When my husband and I moved to India, we promised ourselves to study ethnic instruments. He is a drummer, so he pledged to try the tabla. I am a pianist and guitarist, so I naively said I’d attempt the sitar. I had always loved hearing Ravi Shankar.
Soon after our arrival, I visited a music store in Connaught Place in Delhi and was so overwhelmed by the 21 strings and the odd gourd shape that I changed my vow from playing the sitar to seeing Ravi Shankar play it. And what a gift that turned out to be.
As people mourn the passing of the ninety-two year old maestro, I am filled with awe and warmth as I remember first seeing him in concert and then meeting him at his home in the Ravi Shankar Center in New Delhi.

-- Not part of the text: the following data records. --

lemma orbit_label_in_label_set:
  assumes p: "prime p" and mp: "m = p ^ l" and V: "V \<le> l" and EP: "E \<subseteq> plane R" and n: "n \<ge> 2"
    and xs: "xs \<in> valuation_class R p V j v n E"
  shows "orbit_label R p l j v xs \<in> label_set p j v n"
proof -
  define a where "a = prim_part p (xs ! 0)"
  define w where "w = reduced_dual R p v a (xs ! 1)"
  note fx = valuation_class_frame[OF p mp V EP n xs, folded a_def, folded w_def]
  have p1: "p > 1" using p prime_gt_1_int by blast
  have top_digits: "0 \<le> t div p ^ (l - u) \<and> t div p ^ (l - u) < p ^ u" if "t \<in> carrier R" "u \<le> l" for t u
    using that p1 mp div_bounds[of "p ^ (l - u)" t "p ^ u"] by (auto simp: in_carrier simp flip: power_add)
  have lab: "orbit_label R p l j v xs = (dot_perp R (xs ! 1) w, map (\<lambda>z. dot_perp R z w div p ^ (l - v)) xs,
      map (\<lambda>z. dot_perp R a z div p ^ (l - j)) xs)"
    by (simp add: orbit_label_def Let_def a_def w_def)
  have "xs ! 1 \<in> set xs" using fx(1) n by simp
  then have "dot_perp R (xs ! 1) w \<in> carrier R"
    using fx(2,10) by (auto intro: dot_perp_closed)
  moreover have "dot_perp R z w \<in> carrier R" "dot_perp R a z \<in> carrier R" if "z \<in> set xs" for z
    using fx(2,5,10) that by (auto intro: dot_perp_closed)
  ultimately show ?thesis
    unfolding lab using fx(1,3,4,12) V top_digits by (auto simp: label_set_def in_carrier)
qed

lemma card_divisible_points_le:
  assumes p: "prime p" and mp: "m = p ^ l" and V: "V \<le> l" and EP: "E \<subseteq> plane R"
  shows "card {z\<in>E. p ^ V dvd fst z \<and> p ^ V dvd snd z} \<le> (nat p ^ (l - V))^2"
proof -
  let ?Dv = "{t\<in>carrier R. p ^ V dvd t}"
  have "{z\<in>E. p ^ V dvd fst z \<and> p ^ V dvd snd z} \<subseteq> ?Dv \<times> ?Dv"
    using EP by (auto simp: plane_def)
  then have "card {z\<in>E. p ^ V dvd fst z \<and> p ^ V dvd snd z} \<le> card ?Dv * card ?Dv"
    using card_mono[of "?Dv \<times> ?Dv"] finite by (simp add: card_cartesian_product)
  also have "\<dots> \<le> (nat p ^ (l - V))^2"
    using card_multiples_le[OF p mp V] by (simp add: power2_eq_square mult_le_mono)
  finally show ?thesis .
qed

lemma card_divisible_dot_perp_pairs_le:
  assumes p: "prime p" and mp: "m = p ^ l" and V: "V \<le> l" and EP: "E \<subseteq> plane R"
  defines "deep \<equiv> \<lambda>z. p ^ V dvd fst z \<and> p ^ V dvd snd z"
  shows "card {q\<in>E \<times> E. \<not> deep (fst q) \<and> p ^ V dvd dot_perp R (prim_part p (fst q)) (snd q)}
    \<le> card E * card (carrier R) * nat p ^ (l - V)"
proof -
  have fE: "finite E" using EP finite_plane[OF finite] finite_subset by blast
  let ?Dv = "{t\<in>carrier R. p ^ V dvd t}"
  let ?line = "\<lambda>z. {y\<in>plane R. dot_perp R (prim_part p z) y \<in> ?Dv}"
  have "{q\<in>E \<times> E. \<not> deep (fst q) \<and> p ^ V dvd dot_perp R (prim_part p (fst q)) (snd q)}
    \<subseteq> (SIGMA z:{z\<in>E. \<not> deep z}. ?line z)"
  proof (rule subsetI)
    fix q assume q: "q \<in> {q\<in>E \<times> E. \<not> deep (fst q) \<and> p ^ V dvd dot_perp R (prim_part p (fst q)) (snd q)}"
    then have q1: "fst q \<in> plane R" "\<not> deep (fst q)" and q2: "snd q \<in> plane R"
      using EP by auto
    then have "dot_perp R (prim_part p (fst q)) (snd q) \<in> carrier R"
      using prim_part_props(1)[OF p mp V q1(1)] by (intro dot_perp_closed) (auto simp: deep_def)
    then show "q \<in> (SIGMA z:{z\<in>E. \<not> deep z}. ?line z)"
      using q q2 by (cases q) auto
  qed
  then have "card {q\<in>E \<times> E. \<not> deep (fst q) \<and> p ^ V dvd dot_perp R (prim_part p (fst q)) (snd q)}
      \<le> card (SIGMA z:{z\<in>E. \<not> deep z}. ?line z)"
    by (rule card_mono[rotated]) (use fE finite_plane[OF finite] in auto)
  also have "\<dots> = (\<Sum>z\<in>{z\<in>E. \<not> deep z}. card (?line z))"
    by (rule card_SigmaI) (use fE finite_plane[OF finite] in auto)
  also have "\<dots> \<le> (\<Sum>z\<in>{z\<in>E. \<not> deep z}. card (carrier R) * nat p ^ (l - V))"
  proof (rule sum_mono)
    fix z assume z: "z \<in> {z\<in>E. \<not> deep z}"
    then have zp: "z \<in> plane R" using EP by auto
    note prim = prim_part_props[OF p mp V zp]
    from prim(2) z obtain w where "w \<in> plane R" "dot_perp R (prim_part p z) w = \<one>"
      by (auto simp: unimodular_def deep_def)
    then have "card (?line z) \<le> card (carrier R) * card (carrier R \<inter> ?Dv)"
      using prim(1) z by (intro card_dot_perp_in_le[OF finite]) (auto simp: deep_def)
    also have "carrier R \<inter> ?Dv = ?Dv" by blast
    finally show "card (?line z) \<le> card (carrier R) * nat p ^ (l - V)"
      using card_multiples_le[OF p mp V] by (meson le_trans mult_le_mono2)
  qed
  also have "\<dots> \<le> card E * (card (carrier R) * nat p ^ (l - V))"
    using fE by (simp add: card_mono mult_le_mono1)
  finally show ?thesis
    by (simp add: mult.assoc)
qed

lemma card_outside_valuation_classes_le:
  assumes p: "prime p" and mp: "m = p ^ l" and V: "V \<le> l" and EP: "E \<subseteq> plane R" and n: "n \<ge> 2"
  shows "card (tuples n E - (\<Union>(j, v)\<in>{..<V} \<times> {..<V}. valuation_class R p V j v n E))
     \<le> (nat p ^ (l - V))^2 * card E ^ (n - 1) + card (carrier R) * nat p ^ (l - V) * card E ^ (n - 1)"
proof -
  have fE: "finite E" using EP finite_plane[OF finite] finite_subset by blast
  have pow: "card E * card E ^ (n - 2) = card E ^ (n - 1)"
    using n by (cases n; cases "n - 1") (simp_all add: numeral_2_eq_2)
  let ?deep = "\<lambda>z. p ^ V dvd fst z \<and> p ^ V dvd snd z"
  let ?P = "\<lambda>z y. \<not> ?deep z \<and> p ^ V dvd dot_perp R (prim_part p z) y"
  define A1 where "A1 = {xs\<in>tuples n E. ?deep (xs ! 0)}"
  define A2 where "A2 = {xs\<in>tuples n E. ?P (xs ! 0) (xs ! 1)}"
  have "tuples n E - (\<Union>(j, v)\<in>{..<V} \<times> {..<V}. valuation_class R p V j v n E) \<subseteq> A1 \<union> A2"
  proof
    fix xs assume xs: "xs \<in> tuples n E - (\<Union>(j, v)\<in>{..<V} \<times> {..<V}. valuation_class R p V j v n E)"
    let ?j = "content_val p (xs ! 0)" and ?v = "multiplicity p (dot_perp R (prim_part p (xs ! 0)) (xs ! 1))"
    show "xs \<in> A1 \<union> A2"
    proof (rule ccontr)
      assume "xs \<notin> A1 \<union> A2"
      then have nd: "\<not> ?deep (xs ! 0)" "\<not> p ^ V dvd dot_perp R (prim_part p (xs ! 0)) (xs ! 1)"
        using xs by (auto simp: A1_def A2_def)
      then have "?j < V" "?v < V" "xs \<in> valuation_class R p V ?j ?v n E"
        using xs content_val_props(1)[OF p nd(1)] multiplicity_less_if_not_dvd(1)[OF p nd(2)]
        by (auto simp: valuation_class_def)
      then show False using xs by blast
    qed
  qed
  then have "card (tuples n E - (\<Union>(j, v)\<in>{..<V} \<times> {..<V}. valuation_class R p V j v n E)) \<le> card (A1 \<union> A2)"
    using finite_tuples[OF fE] by (intro card_mono) (auto simp: A1_def A2_def)
  also have "\<dots> \<le> card A1 + card A2"
    by (rule card_Un_le)
  also have "card A1 \<le> (nat p ^ (l - V))^2 * card E ^ (n - 1)"
    using card_tuples_filter_first_le[OF fE, of n ?deep] card_divisible_points_le[OF p mp V EP] n
    unfolding A1_def by (meson le_trans mult_le_mono1 one_le_numeral order.trans)
  also have "card A2 \<le> card E * card (carrier R) * nat p ^ (l - V) * card E ^ (n - 2)"
    using card_tuples_filter_first_two_le[OF fE n, of ?P] card_divisible_dot_perp_pairs_le[OF p mp V EP]
    unfolding A2_def by (metis (no_types, lifting) le_trans mult_le_mono1)
  also have "\<dots> = card (carrier R) * nat p ^ (l - V) * card E ^ (n - 1)"
    unfolding pow[symmetric] by (simp only: mult_ac)
  finally show ?thesis by simp
qed

lemma card_outside_valuation_classes_le_half:
  assumes p: "prime p" and mp: "m = p ^ l" and V: "V \<le> l" and EP: "E \<subseteq> plane R" and n: "n \<ge> 2"
    and dense: "4 * real (card (carrier R))^2 \<le> 2 ^ V * real (card E)"
  shows "2 * real (card (tuples n E - (\<Union>(j, v)\<in>{..<V} \<times> {..<V}. valuation_class R p V j v n E)))
    \<le> real (card E) ^ n"
proof -
  define Good where "Good = (\<Union>(j, v)\<in>{..<V} \<times> {..<V}. valuation_class R p V j v n E)"
  define M where "M = real (card E)"
  define N where "N = real (card (carrier R))"
  define P where "P = real (nat p ^ (l - V))"
  have p1: "p > 1" using p prime_gt_1_int by blast
  have "card (tuples n E - Good) \<le> (nat p ^ (l - V))^2 * card E ^ (n - 1) + card (carrier R) * nat p ^ (l - V) * card E ^ (n - 1)"
    unfolding Good_def by (rule card_outside_valuation_classes_le[OF p mp V EP n])
  then have "real (card (tuples n E - Good)) \<le> real ((nat p ^ (l - V))^2 * card E ^ (n - 1)
      + card (carrier R) * nat p ^ (l - V) * card E ^ (n - 1))"
    by (simp only: of_nat_le_iff)
  also have "\<dots> = (P^2 + N * P) * M ^ (n - 1)"
    unfolding M_def N_def P_def by (simp only: of_nat_add of_nat_mult of_nat_power distrib_right)
  finally have bad: "real (card (tuples n E - Good)) \<le> (P^2 + N * P) * M ^ (n - 1)" .
  have "2 ^ V * P \<le> real (nat p) ^ V * P"
    using p1 by (intro mult_right_mono power_mono) (auto simp: P_def)
  also have "\<dots> = N"
    using V p1 mp by (simp add: P_def N_def card_carrier nat_power_eq flip: power_add)
  finally have "2 ^ V * (P^2 + N * P) \<le> 2 * N^2"
    by (rule mult_sq_add_le_twice_sq) (simp_all add: P_def)
  have M0: "0 \<le> M"
    by (simp add: M_def)
  from \<open>2 ^ V * (P^2 + N * P) \<le> 2 * N^2\<close> have "2 ^ V * (P^2 + N * P) * M ^ (n - 1) \<le> 2 * N^2 * M ^ (n - 1)"
    using M0 by (intro mult_right_mono) simp_all
  moreover from bad have "2 ^ V * real (card (tuples n E - Good)) \<le> 2 ^ V * (P^2 + N * P) * M ^ (n - 1)"
    using mult_left_mono[of _ _ "2 ^ V :: real"] by (simp add: mult.assoc)
  ultimately have "2 ^ V * real (card (tuples n E - Good)) \<le> 2 * N^2 * M ^ (n - 1)"
    by linarith
  also have "\<dots> \<le> 2 ^ V * M / 2 * M ^ (n - 1)"
    using dense M0 by (intro mult_right_mono) (auto simp: N_def M_def)
  also have "\<dots> = 2 ^ V * (M * M ^ (n - 1) / 2)"
    by simp
  also have "M * M ^ (n - 1) = M ^ n"
    using n by (cases n) simp_all
  finally show ?thesis
    by (simp add: M_def Good_def)
qed

lemma card_valuation_classes_ge:
  assumes p: "prime p" and mp: "m = p ^ l" and V: "V \<le> l" and EP: "E \<subseteq> plane R" and n: "n \<ge> 2"
    and dense: "4 * real (card (carrier R))^2 \<le> 2 ^ V * real (card E)"
  shows "real (card E) ^ n \<le> 2 * real (card (\<Union>(j, v)\<in>{..<V} \<times> {..<V}. valuation_class R p V j v n E))"
proof -
  have fE: "finite E" using EP finite_plane[OF finite] finite_subset by blast
  let ?Good = "\<Union>(j, v)\<in>{..<V} \<times> {..<V}. valuation_class R p V j v n E"
  have "real (2 * card (tuples n E - ?Good)) \<le> real (card (tuples n E))"
    using card_outside_valuation_classes_le_half[OF p mp V EP n dense] by (simp add: card_tuples[OF fE])
  then have "2 * card (tuples n E - ?Good) \<le> card (tuples n E)"
    by (simp only: of_nat_le_iff)
  then have "card (tuples n E) \<le> 2 * card ?Good"
    by (rule card_le_twice_if_diff_small) (auto simp: valuation_class_def finite_tuples[OF fE])
  then have "real (card (tuples n E)) \<le> real (2 * card ?Good)"
    by (simp only: of_nat_le_iff)
  then show ?thesis
    by (simp add: card_tuples[OF fE])
qed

In 2004, I went with a group of friends to see Shankar’s tribute to his most famous pupil, Beatle George Harrison. Shankar performed with his stunningly gorgeous daughter, Anoushka, a Grammy-award winning sitarist. The songs were long, but we were enthralled. Father would improvise and daughter would match him measure for measure. And we were transported to a higher plane of consciousness by the intricate plucking, humming and twanging of the strings. In between, Shankar talked about the joy he experienced hosting and teaching Harrison in India. Olivia Harrison came on stage with a moving description of Shankar’s influence in her husband’s life—many may remember the haunting sitar accompaniment in Norwegian Wood. She then showed a video tribute to her husband on this date of his birth.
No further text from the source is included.